Yihua Wu1, Peiwei Li, Honghe Zhang, Yu Shi, Han Wu, Jinjie Zhang, Yufeng Qian, Chao Li, Jun Yang.   

Abstract

In the recent years, fluorine 18 fluorodeoxyglucose ((18)F-FDG) positron emission tomography (PET)/computed tomography (CT) has emerged as a new modality for staging non-small-cell lung cancer (NSCLC) patients. The aim of this meta-analysis was to assess the diagnostic value of (18)F-FDG PET/CT in detecting metastatic lesions in NSCLC patients.

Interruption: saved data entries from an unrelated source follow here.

lemma zero_frechet_subdiff_if_local_min:
  assumes "\<bar>F z\<bar> \<noteq> \<infinity>" "r > 0" "\<And>y. y \<in> ball z r \<Longrightarrow> F z \<le> F y"
  shows "0 \<in> frechet_subdiff F z"
  unfolding frechet_subdiff_def
proof (intro CollectI conjI allI impI exI)
  fix \<epsilon> :: real and y assume "\<epsilon> > 0" "norm (y - z) < r"
  then have "ereal (real_of_ereal (F z) + inner 0 (y - z) - \<epsilon> * norm (y - z)) \<le> F z"
    using assms(1) by (cases "F z") auto
  also have "F z \<le> F y" using assms(3) \<open>norm (y - z) < r\<close> by (simp add: dist_norm norm_minus_commute)
  finally show "ereal (real_of_ereal (F z) + inner 0 (y - z) - \<epsilon> * norm (y - z)) \<le> F y" .
qed (use assms in auto)

lemma zero_limiting_subdiff_if_floor_attained:
  assumes floor: "\<And>y. y \<in> cball xbar R \<Longrightarrow> ereal Fb \<le> F y"
    and "z \<in> ball xbar R" "F z = ereal Fb"
  shows "0 \<in> limiting_subdiff F z"
proof -
  have "F z \<le> F y" if "y \<in> ball z (R - dist xbar z)" for y
    using floor[of y] that \<open>F z = ereal Fb\<close> dist_triangle[of xbar y z] by (simp add: dist_commute)
  then have "0 \<in> frechet_subdiff F z"
    using assms(2,3) by (intro zero_frechet_subdiff_if_local_min[of F z "R - dist xbar z"]) auto
  then show ?thesis using frechet_subdiff_subset_limiting_subdiff by blast
qed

Meta-analysis methods were used to pool sensitivity, specificity, positive and negative likehood ratios, diagnostic odd ratios and to construct a summary receiver-operating characteristic curve. Data from included studies were pooled to compare the diagnostic accuracy between PET/CT and PET or CT alone in nodal staging. Totally, 56 studies involving 8,699 patients met the inclusion criteria. The pooled sensitivities and specificities of (18)F-FDG PET/CT were 0.72 [95% confidence interval (CI): 0.65-0.78] and 0.91 (95% CI: 0.86-0.94) in determining mediastinal nodal staging; 0.71 (95% CI: 0.60-0.80) and 0.83 (95% CI: 0.77-0.88) in intrathoracic staging; 0.78 (95% CI: 0.64-0.87) and 0.90 (95% CI: 0.84-0.94) in intrathoracic staging on a per-node basis. For detecting extrathoracic metastases, the pooled sensitivities and specificities of (18)F-FDG PET/CT were 0.77 (95% CI: 0.47-0.93) and 0.95 (95% CI: 0.92-0.97) for all extrathoracic metastases; 0.91 (95% CI: 0.80-0.97) and 0.98 (95% CI: 0.94-0.99) for bone metastases. (18)F-FDG PET/CT is beneficial in detecting lymph node metastases and extrathoracic metastases although PET/CT showed low sensitivity in detecting brain metastases. (18)F-FDG PET/CT confers significantly higher sensitivity and specificity than contrast-enhanced CT (both p < 0.01) and higher sensitivity than (18)F-FDG PET in staging NSCLC (p < 0.05).
Copyright © 2012 UICC.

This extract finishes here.